| Aspect | Implication at 0.165 | |--------|----------------------| | No compression | Payload bytes = wire bytes. No gain from gzip or video encoding. | | No caching | Every byte is sourced fresh from origin; no local or proxy hits. | | No overhead subtraction | The measured 0.165 is application-layer throughput, not link-layer. |
1. Definition and Baseline A "pure 0.165 download" refers to a data transfer operation where the downstream throughput is precisely measured at 0.165 units per second (typically Megabits per second—Mbps—in modern networking contexts, though it could theoretically apply to any base unit: MB/s, Gb/s, etc.). The term "pure" indicates that this value represents the actual, sustained payload data rate , excluding all protocol overhead (TCP/IP headers, Ethernet framing, retransmissions, and encryption padding).
Expect output similar to:
# Server side (listener) iperf3 -s -p 5201 iperf3 -c <server_ip> -p 5201 -R -t 60 -f m --omit 3
[ ID] Interval Transfer Bitrate [ 5] 0.00-60.00 sec 1.21 MBytes 0.165 Mbits/sec sender [ 5] 0.00-60.00 sec 1.21 MBytes 0.165 Mbits/sec receiver The 60‑second duration eliminates burst effects. Any deviation > ±2% indicates the flow is not "pure."

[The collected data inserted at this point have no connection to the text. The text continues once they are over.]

lemma invariant_blocks_subfield_subcode_dual_C35:
  "invariant q (blocks q k (subfield_subcode q (dual_code q (C35 q :: ('a \<Rightarrow> 'a) set))))"
  unfolding invariant_def
proof (intro ballI)
  let ?U = "Uroots q :: 'a set"
  let ?D = "subfield_subcode q (dual_code q (C35 q :: ('a \<Rightarrow> 'a) set))"
  fix B :: "'a set" and \<pi> :: "'a option \<Rightarrow> 'a option"
  assume "B \<in> blocks q k ?D" and \<pi>: "\<pi> \<in> Stab q"
  then obtain v where v: "v \<in> ?D" "wt q v = k" and B: "B = supp q v"
    by (auto simp: blocks_def)
  have "\<pi> ` Some ` ?U = Some ` ?U"
    using \<pi> by (simp add: Stab_def)
  then obtain g where g: "bij_betw g ?U ?U"
    and \<pi>_Some: "\<forall>u\<in>?U. \<pi> (Some u) = Some (g u)"
    using obtain_restriction_to_Some_image[OF _ finite] by blast
  obtain \<rho> :: "'a \<Rightarrow> 'a" where \<rho>: "\<forall>u\<in>?U. \<rho> u \<noteq> 0 \<and> \<rho> u \<in> subGF q"
    and multiplier: "\<forall>j\<in>{3, 5}. \<exists>c\<in>C35 q. \<forall>u\<in>?U. \<rho> u * g u ^ j = c u"
    by (rule Stab_multiplier[OF \<pi> \<pi>_Some])
  define v' where "v' = transport q g \<rho> v"
  have "v' \<in> ?D"
    using transport_mem_subfield_subcode_dual_C35[OF v(1) g _ multiplier] \<rho> by (simp add: v'_def)
  have "B \<subseteq> ?U"
    by (auto simp: B supp_def)
  have "supp q v' = g ` B"
    using supp_transport[OF g] \<rho> B by (simp add: v'_def)
  then have "act \<pi> B = supp q v'"
    using act_eq_image[of B \<pi> g] \<pi>_Some \<open>B \<subseteq> ?U\<close> by blast
  moreover have "wt q v' = k"
    using v(2) \<open>supp q v' = g ` B\<close> inj_on_subset[OF bij_betw_imp_inj_on[OF g] \<open>B \<subseteq> ?U\<close>]
    by (simp add: wt_def B card_image)
  ultimately show "act \<pi> B \<in> blocks q k ?D"
    using \<open>v' \<in> ?D\<close> by (auto simp: blocks_def)
qed

section \<open>Three-transitivity of the stabiliser\<close>

(* The cross ratio sending x1, x2, x3 to 0, 1, infinity (signs do not matter in characteristic 2),
   and below its inverse for y1, y2, y3. *)
lemma cross_ratio_in_subGF:
  fixes x\<^sub>1 x\<^sub>2 x\<^sub>3 z :: 'a
  assumes "x\<^sub>1 \<in> Uroots q" "x\<^sub>2 \<in> Uroots q" "x\<^sub>3 \<in> Uroots q" "z \<in> Uroots q"
  shows "(((x\<^sub>2 + x\<^sub>3) * (z + x\<^sub>1)) / ((x\<^sub>2 + x\<^sub>1) * (z + x\<^sub>3))) ^ q
    = ((x\<^sub>2 + x\<^sub>3) * (z + x\<^sub>1)) / ((x\<^sub>2 + x\<^sub>1) * (z + x\<^sub>3))"
proof -
  have "x\<^sub>1 \<noteq> 0" "x\<^sub>2 \<noteq> 0" "x\<^sub>3 \<noteq> 0" "z \<noteq> 0"
    using assms Uroots_nonzero by auto
  have "(((x\<^sub>2 + x\<^sub>3) * (z + x\<^sub>1)) / ((x\<^sub>2 + x\<^sub>1) * (z + x\<^sub>3))) ^ q
      = ((1 / x\<^sub>2 + 1 / x\<^sub>3) * (1 / z + 1 / x\<^sub>1)) / ((1 / x\<^sub>2 + 1 / x\<^sub>1) * (1 / z + 1 / x\<^sub>3))"
    using assms by (simp add: power_divide power_mult_distrib power_q_add power_q_Uroots)
  also have "\<dots> = ((x\<^sub>2 + x\<^sub>3) * (z + x\<^sub>1)) / ((x\<^sub>2 + x\<^sub>1) * (z + x\<^sub>3))"
    using \<open>x\<^sub>1 \<noteq> 0\<close> \<open>x\<^sub>2 \<noteq> 0\<close> \<open>x\<^sub>3 \<noteq> 0\<close> \<open>z \<noteq> 0\<close>
    by (simp add: divide_simps) (simp add: algebra_simps)
  finally show ?thesis .
qed
(* Let $\mathcal{L}$ be a propositional language and let $\mathcal{L}_1$ be an expansion of $\mathcal{L}$, with induced quantale embedding $i:\wp\Sigma_{\mathcal{L}}\to\wp\Sigma_{\mathcal{L}_1}$. Let $(D,\vdash)$ be a deductive system over $\mathcal{L}$ with associated nucleus $\gamma$ and $\wp\Sigma_{\mathcal{L}}$-module of theories $\mathrm{Th}$. Then $\mathrm{Th}$ is isomorphic to a $\wp\Sigma_{\mathcal{L}}$-submodule of $(\wp\Sigma_{\mathcal{L}_1}\otimes_{\wp\Sigma_{\mathcal{L}}}\mathrm{Th})_i$.
   Context: A quantale is a complete lattice $Q$ with a monoid structure $(Q,\cdot,1)$ whose product distributes over arbitrary joins on both sides. A left $Q$-module is a complete lattice $M$ with an action $Q\times M\to M$ that is associative, unital, and distributes over arbitrary joins in both arguments (right modules analogously); module homomorphisms preserve arbitrary joins and the action. A $Q$-module nucleus on $M$ is a closure operator $\gamma$ on $M$ with $a\gamma(u)\le\gamma(au)$; its image $M_\gamma$ is a $Q$-module with joins $\gamma(\bigvee\cdot)$ and action $a\cdot_\gamma u=\gamma(au)$. A propositional language $\mathcal{L}$ is a set of connectives with arities; fix a denumerable set $\mathrm{Var}$ of variables; $\mathit{Fm}_{\mathcal{L}}$ is the absolutely free $\mathcal{L}$-algebra over $\mathrm{Var}$, and $\Sigma_{\mathcal{L}}$ is the monoid (under composition) of its endomorphisms (substitutions). $\wp\Sigma_{\mathcal{L}}$ is the quantale of subsets of $\Sigma_{\mathcal{L}}$ with union as join, product $\Sigma\Sigma'=\{\sigma\sigma'\}$ and unit $\{\mathrm{id}\}$. The domain $D$ of a deductive system is either $\mathit{Fm}_{\mathcal{L}}$, or $\mathit{Eq}=\mathit{Fm}_{\mathcal{L}}^2$, or $\mathit{Seq}_T=\bigcup_{(m,n)\in T}\mathit{Fm}_{\mathcal{L}}^m\times\mathit{Fm}_{\mathcal{L}}^n$ for some $T\subseteq\omega^2$; $\wp D$ is a left $\wp\Sigma_{\mathcal{L}}$-module with union as join and $\Sigma\cdot\Phi=\{\sigma(\varphi):\sigma\in\Sigma,\varphi\in\Phi\}$ (substitutions acting componentwise). A (structural) consequence relation $\vdash$ on $D$ (given by axioms and inference rules) corresponds to the $\wp\Sigma_{\mathcal{L}}$-module nucleus $\gamma(\Phi)=\{\psi:\Phi\vdash\psi\}$ on $\wp D$; its module of theories is $\mathrm{Th}=(\wp D)_\gamma$. An expansion $\mathcal{L}_1$ of $\mathcal{L}$ is a language containing all connectives of $\mathcal{L}$ with the same arities; $i$ sends $\Sigma\subseteq\Sigma_{\mathcal{L}}$ to the set of the unique $\mathcal{L}_1$-substitutions agreeing on $\mathrm{Var}$ with the elements of $\Sigma$. Via $i$, $\wp\Sigma_{\mathcal{L}_1}$ is a right $\wp\Sigma_{\mathcal{L}}$-module ($\Omega\cdot\Sigma=\Omega\, i(\Sigma)$). For a right $Q$-module $M_1$ and left $Q$-module $M_2$, the tensor product $M_1\otimes_Q M_2$ is the quotient of the free sup-lattice $\wp(M_1\times M_2)$ by the sup-lattice congruence generated by the pairs $(\{(\bigvee X,y)\},\bigcup_{x\in X}\{(x,y)\})$, $(\{(x,\bigvee Y)\},\bigcup_{y\in Y}\{(x,y)\})$, $(\{(xa,y)\},\{(x,ay)\})$; here $\wp\Sigma_{\mathcal{L}_1}\otimes_{\wp\Sigma_{\mathcal{L}}}\mathrm{Th}$ is a left $\wp\Sigma_{\mathcal{L}_1}$-module via left multiplication on the first factor. For a $\wp\Sigma_{\mathcal{L}_1}$-module $N$, $(N)_i$ denotes the $\wp\Sigma_{\mathcal{L}}$-module with the same sup-lattice and action $\Sigma\cdot u=i(\Sigma)u$. *)

theory Defs
  imports Main
begin

text \<open>Connective symbols live in a type 'c, each with a fixed arity given by ar.
  A language is a set L of connective symbols (with the arities ar).\<close>

datatype 'c fm = Var nat | Op 'c "'c fm list"

fun wf_fm :: "('c \<Rightarrow> nat) \<Rightarrow> 'c set \<Rightarrow> 'c fm \<Rightarrow> bool" where
  "wf_fm ar L (Var v) = True"
| "wf_fm ar L (Op c xs) = (c \<in> L \<and> length xs = ar c \<and> (\<forall>x\<in>set xs. wf_fm ar L x))"

definition Fm :: "('c \<Rightarrow> nat) \<Rightarrow> 'c set \<Rightarrow> 'c fm set" where
  "Fm ar L = {x. wf_fm ar L x}"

ZIP files are also known as "archive" files. They use lossless compression to reduce the size of the files inside the ZIP.

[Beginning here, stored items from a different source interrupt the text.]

lemma abs_Xi3_summand_le:
  fixes n n0 m c :: nat
  assumes c: "c \<in> {1..m}" and n: "2 * m \<le> n" and n0: "n0 \<le> n"
    and zeta: "\<And>j. j \<le> c \<Longrightarrow> \<bar>zeta3 Q m h c j\<bar> \<le> Z"
  shows "(real n0)\<^sup>2 * \<bar>real ((n - m) choose (2 * m - c)) * real (m choose c) *
           (\<Sum>j=1..c. real (c choose j) * real ((2 * m - c) choose (m - j)) * zeta3 Q m h c j)\<bar>
         \<le> real (n choose (2 * m)) * real ((2 * m) choose m) * ((2 * real m) ^ (2 * m) * real (m choose c) * Z)"
  (is "_ * \<bar>?w * ?b * ?S\<bar> \<le> ?Cn * ?Cb * (?K * ?b * Z)")
proof (cases "c = 1")
  case True
  have "?S = 0" unfolding True using zeta3_1_1[of Q m h] by simp
  moreover have "0 \<le> Z" using zeta[of 0] by linarith
  ultimately show ?thesis by simp
next
  case False
  with c have c2: "2 \<le> c" and cm: "c \<le> m" by auto
  have "(real n0)\<^sup>2 * ?w * (?b * \<bar>?S\<bar>) \<le> ?K * ?Cn * (?b * (?Cb * Z))"
    by (intro mult_mono square_mult_binomial_le[OF c2 cm n n0] mult_left_mono
          abs_sum_binomial_mult_le[OF cm zeta]) auto
  then show ?thesis by (simp add: abs_mult algebra_simps)
qed

lemma abs_Xi3_le:
  fixes n n0 m :: nat
  assumes n: "2 * m \<le> n" and n0: "n0 \<le> n"
    and zeta: "\<And>c j. j \<le> c \<Longrightarrow> c \<le> m \<Longrightarrow> \<bar>zeta3 Q m h c j\<bar> \<le> Z"
  shows "(real n0)\<^sup>2 * \<bar>Xi3 Q m h n\<bar> \<le> 2 ^ (m + 2) * (2 * real m) ^ (2 * m) * Z"
proof -
  define K where "K = (2 * real m) ^ (2 * m)"
  define Cn where "Cn = real (n choose (2 * m))"
  define Cb where "Cb = real ((2 * m) choose m)"
  define t where "t c = real ((n - m) choose (2 * m - c)) * real (m choose c) *
    (\<Sum>j=1..c. real (c choose j) * real ((2 * m - c) choose (m - j)) * zeta3 Q m h c j)" for c
  have Z: "0 \<le> Z" using zeta[of 0 0] by linarith
  have K: "0 \<le> K" unfolding K_def by simp
  have Cn: "0 < Cn" unfolding Cn_def using n by simp
  have Cb: "0 < Cb" unfolding Cb_def by simp
  have "(real n0)\<^sup>2 * \<bar>Xi3 Q m h n\<bar> = 4 / (Cn * Cb) * ((real n0)\<^sup>2 * \<bar>\<Sum>c=1..m. t c\<bar>)"
    using Cn Cb unfolding Xi3_def t_def Cn_def Cb_def by (simp add: abs_mult)
  also have "\<dots> \<le> 4 / (Cn * Cb) * (\<Sum>c=1..m. (real n0)\<^sup>2 * \<bar>t c\<bar>)"
    using Cn Cb unfolding sum_distrib_left[symmetric] by (intro mult_left_mono sum_abs) auto
  also have "\<dots> \<le> 4 / (Cn * Cb) * (\<Sum>c=1..m. Cn * Cb * (K * real (m choose c) * Z))"
    unfolding t_def Cn_def Cb_def K_def using Cn Cb zeta
    by (intro mult_left_mono sum_mono abs_Xi3_summand_le[OF _ n n0]) auto
  also have "\<dots> = 4 * K * Z * real (\<Sum>c=1..m. m choose c)"
    using Cn Cb by (simp add: sum_distrib_left sum_distrib_right algebra_simps)
  also have "\<dots> \<le> 4 * K * Z * 2 ^ m"
  proof -
    have "(\<Sum>c=1..m. m choose c) \<le> (\<Sum>c\<le>m. m choose c)"
      by (intro sum_mono2) auto
    then have "real (\<Sum>c=1..m. m choose c) \<le> real (2 ^ m)"
      unfolding choose_row_sum of_nat_le_iff .
    then show ?thesis using K Z by (intro mult_left_mono) auto
  qed
  finally show ?thesis unfolding K_def by (simp add: algebra_simps power_add)
qed
theorem theorem5p8:
  fixes F :: "'a::linorder list \<Rightarrow> 'b::linorder" and a b :: 'a
  assumes Xbounded: "\<exists>m M. \<forall>x::'a. m \<le> x \<and> x \<le> M"
    and std: "standard F"
    and ab: "a \<le> b"
  shows
   "((preassociative F \<and> unarily_quasi_range_idempotent F
      \<and> (\<exists>f::'a \<Rightarrow> 'b. strict_mono_on {a..b} f \<and> convex_chain (f ` {a..b})
            \<and> (\<forall>x. F [x] = f (med a x b)))
      \<and> (\<forall>x. F [x, x] = F [x])
      \<and> (\<forall>x x' y. x \<le> x' \<longrightarrow> F [x, y] \<le> F [x', y])
      \<and> (\<forall>x y y'. y \<le> y' \<longrightarrow> F [x, y] \<le> F [x, y'])
      \<and> (\<forall>z. convex_chain {F [x, z] | x. True} \<and> convex_chain {F [z, x] | x. True}))
    \<longleftrightarrow>
     (preassociative F \<and> unarily_quasi_range_idempotent F
      \<and> (\<exists>f::'a \<Rightarrow> 'b. strict_mono_on {a..b} f \<and> convex_chain (f ` {a..b})
            \<and> (\<forall>x. F [x] = f (med a x b)))
      \<and> (\<forall>n::nat. n \<ge> 2 \<longrightarrow> (\<forall>x. F (replicate n x) = F [x]))
      \<and> (\<forall>n::nat. n \<ge> 2 \<longrightarrow> (\<forall>ys zs x x'.
            length ys + 1 + length zs = n \<and> x \<le> x' \<longrightarrow> F (ys @ [x] @ zs) \<le> F (ys @ [x'] @ zs)))
      \<and> (\<forall>n::nat. n \<ge> 2 \<longrightarrow> (\<forall>ys zs.
            length ys + 1 + length zs = n \<longrightarrow> convex_chain {F (ys @ [x] @ zs) | x. True}))))
   \<and>
    ((preassociative F \<and> unarily_quasi_range_idempotent F
      \<and> (\<exists>f::'a \<Rightarrow> 'b. strict_mono_on {a..b} f \<and> convex_chain (f ` {a..b})
            \<and> (\<forall>x. F [x] = f (med a x b)))
      \<and> (\<forall>n::nat. n \<ge> 2 \<longrightarrow> (\<forall>x. F (replicate n x) = F [x]))
      \<and> (\<forall>n::nat. n \<ge> 2 \<longrightarrow> (\<forall>ys zs x x'.
            length ys + 1 + length zs = n \<and> x \<le> x' \<longrightarrow> F (ys @ [x] @ zs) \<le> F (ys @ [x'] @ zs)))
      \<and> (\<forall>n::nat. n \<ge> 2 \<longrightarrow> (\<forall>ys zs.
            length ys + 1 + length zs = n \<longrightarrow> convex_chain {F (ys @ [x] @ zs) | x. True})))
    \<longleftrightarrow>
     (\<exists>c\<in>{a..b}. \<exists>d\<in>{a..b}. \<exists>f::'a \<Rightarrow> 'b.
        strict_mono_on {a..b} f \<and> convex_chain (f ` {a..b})
        \<and> (\<forall>xs. xs \<noteq> [] \<longrightarrow>
              F xs = f (med a (max (max (min c (hd xs))
                                         (med (Min (set xs)) (min c d) (Max (set xs))))
                                    (min d (last xs))) b))))
   \<and>
    (\<forall>c\<in>{a..b}. \<forall>d\<in>{a..b}. \<forall>f::'a \<Rightarrow> 'b.
        strict_mono_on {a..b} f \<and> convex_chain (f ` {a..b})
        \<and> (\<forall>xs. xs \<noteq> [] \<longrightarrow>
              F xs = f (med a (max (max (min c (hd xs))
                                         (med (Min (set xs)) (min c d) (Max (set xs))))
                                    (min d (last xs))) b))
        \<longrightarrow> (\<forall>x\<in>{a..b}. f x = F [x]))"
  (is "(?i \<longleftrightarrow> ?ii) \<and> (?ii \<longleftrightarrow> ?iii) \<and> ?f_eq")
proof -
  have iii_if_i: ?iii if ?i
  proof -
    from that obtain f where f: "strict_mono_on {a..b} f" "convex_chain (f ` {a..b})"
      and F1: "\<forall>x. F [x] = f (med a x b)" by blast
    from that obtain c d where "c \<in> {a..b}" "d \<in> {a..b}"
      and "\<forall>xs. xs \<noteq> [] \<longrightarrow> F xs = f (med_poly a b c d xs)"
      using med_poly_form_if_binary_conditions[OF ab _ _ f(1) F1] by blast
    with f show ?iii unfolding med_poly_def by blast
  qed
  have ii_if_iii: ?ii if ?iii
  proof -
    from that obtain c d f where cd: "c \<in> {a..b}" "d \<in> {a..b}"
      and f: "strict_mono_on {a..b} f" "convex_chain (f ` {a..b})"
      and F_eq: "\<And>xs. xs \<noteq> [] \<Longrightarrow> F xs = f (med_poly a b c d xs)"
      unfolding med_poly_def by blast
    note form = ab cd f(1) F_eq
    show ?ii
      using preassociative_if_med_poly_form[OF form std]
        unarily_quasi_range_idempotent_if_med_poly_form[OF form]
        singleton_if_med_poly_form[OF form] f replicate_if_med_poly_form[OF form]
        mono_if_med_poly_form[OF form] convex_section_if_med_poly_form[OF form f(2)]
      by auto
  qed
  have i_if_ii: ?i if ?ii
    by (insert that, elim conjE, drule (2) binary_conditions_if_nary_conditions, elim conjE,
        intro conjI, assumption+)
  have f_eq: ?f_eq
    unfolding med_poly_def[symmetric] by (auto simp: med_poly_singleton med_eq_self)
  show ?thesis
  proof (rule conjI[OF iffI conjI[OF iffI f_eq]])
    show ?ii if ?i using that by (intro ii_if_iii iii_if_i)
    show ?i if ?ii using that by (rule i_if_ii)
    show ?iii if ?ii using that by (intro iii_if_i i_if_ii)
    show ?ii if ?iii using that by (rule ii_if_iii)
  qed
qed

A ZIP file works like a folder that groups files and compresses them, making it easier to store, send, and share their content.

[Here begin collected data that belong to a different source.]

section \<open>Uniform hyperforests\<close>

lemma hd_last_adjacent_switch:
  assumes "xs \<noteq> []" "P (hd xs)" "\<not> P (last xs)"
  shows "\<exists>i. Suc i < length xs \<and> P (xs ! i) \<and> \<not> P (xs ! Suc i)"
  using assms
proof (induction xs)
  case (Cons x xs)
  show ?case
  proof (cases "xs = [] \<or> \<not> P (hd xs)")
    case True
    then show ?thesis
      using Cons.prems by (cases xs) (auto intro!: exI[of _ 0])
  next
    case False
    then obtain i where "Suc i < length xs" "P (xs ! i)" "\<not> P (xs ! Suc i)"
      using Cons by auto
    then show ?thesis
      by (intro exI[of _ "Suc i"]) auto
  qed
qed simp

lemma connected_imp_in_edge:
  assumes "hg_connected V E" "u \<in> V" "w \<in> V" "u \<noteq> w"
  shows "\<exists>e\<in>E. u \<in> e"
proof -
  obtain es where "es \<noteq> []" "set es \<subseteq> E" "u \<in> hd es"
    using assms unfolding hg_connected_def by blast
  then show ?thesis
    by (metis hd_in_set subsetD)
qed

locale uniform_hyperforest =
  fixes V :: "'a set" and E :: "'a set set" and k :: nat
  assumes finite_V: "finite V"
    and edge_subset: "e \<in> E \<Longrightarrow> e \<subseteq> V"
    and card_edge: "e \<in> E \<Longrightarrow> card e = k"
    and two_le_k: "2 \<le> k"
    and acyclic: "\<not> has_berge_cycle E"
begin
lemma fnp_swp: "fnp (swp a b P) = swapc a b ` fnp P"
proof (induction P)
  case (Sum M)
  then show ?case by (force simp: fnpre_swpre)
next
  case (Res c P)
  then show ?case by (auto simp: swapc_def)
qed auto

declare scong.trans [trans]

lemma alpha_fresh: "b \<notin> fnp X \<Longrightarrow> scong (Res b (swp e b X)) (Res e X)"
  by (simp add: scong.alpha scong.sym)

lemma scong_fnp: "scong P Q \<Longrightarrow> fnp P = fnp Q"
proof (induction rule: scong.induct)
  case (alpha b P a)
  then show ?case by (auto simp: fnp_swp swapc_def)
qed auto

lemma ltrans_fnp: "ltrans P \<alpha> P' \<Longrightarrow> fnp P' \<subseteq> fnp P \<and> fnpre \<alpha> \<subseteq> fnp P"
proof (induction rule: ltrans.induct)
  case (str P Q P' Q' \<alpha>)
  then show ?case using scong_fnp by blast
qed auto

lemma scong_swp: "scong P Q \<Longrightarrow> scong (swp a b P) (swp a b Q)"
proof (induction rule: scong.induct)
  case (alpha d P c)
  then have "swapc a b d \<notin> fnp (swp a b P)" by (auto simp: fnp_swp swapc_inj)
  then show ?case by (simp only: swp.simps swp_conj[of a b c d]) (rule scong.alpha)
next
  case (scope c Q P)
  then show ?case by (auto simp: fnp_swp swapc_inj intro!: scong.scope)
qed (auto intro: scong.intros)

| Aspect | Implication at 0.165 | |--------|----------------------| | No compression | Payload bytes = wire bytes. No gain from gzip or video encoding. | | No caching | Every byte is sourced fresh from origin; no local or proxy hits. | | No overhead subtraction | The measured 0.165 is application-layer throughput, not link-layer. |
1. Definition and Baseline A "pure 0.165 download" refers to a data transfer operation where the downstream throughput is precisely measured at 0.165 units per second (typically Megabits per second—Mbps—in modern networking contexts, though it could theoretically apply to any base unit: MB/s, Gb/s, etc.). The term "pure" indicates that this value represents the actual, sustained payload data rate , excluding all protocol overhead (TCP/IP headers, Ethernet framing, retransmissions, and encryption padding).
Expect output similar to:
# Server side (listener) iperf3 -s -p 5201 iperf3 -c <server_ip> -p 5201 -R -t 60 -f m --omit 3
[ ID] Interval Transfer Bitrate [ 5] 0.00-60.00 sec 1.21 MBytes 0.165 Mbits/sec sender [ 5] 0.00-60.00 sec 1.21 MBytes 0.165 Mbits/sec receiver The 60‑second duration eliminates burst effects. Any deviation > ±2% indicates the flow is not "pure."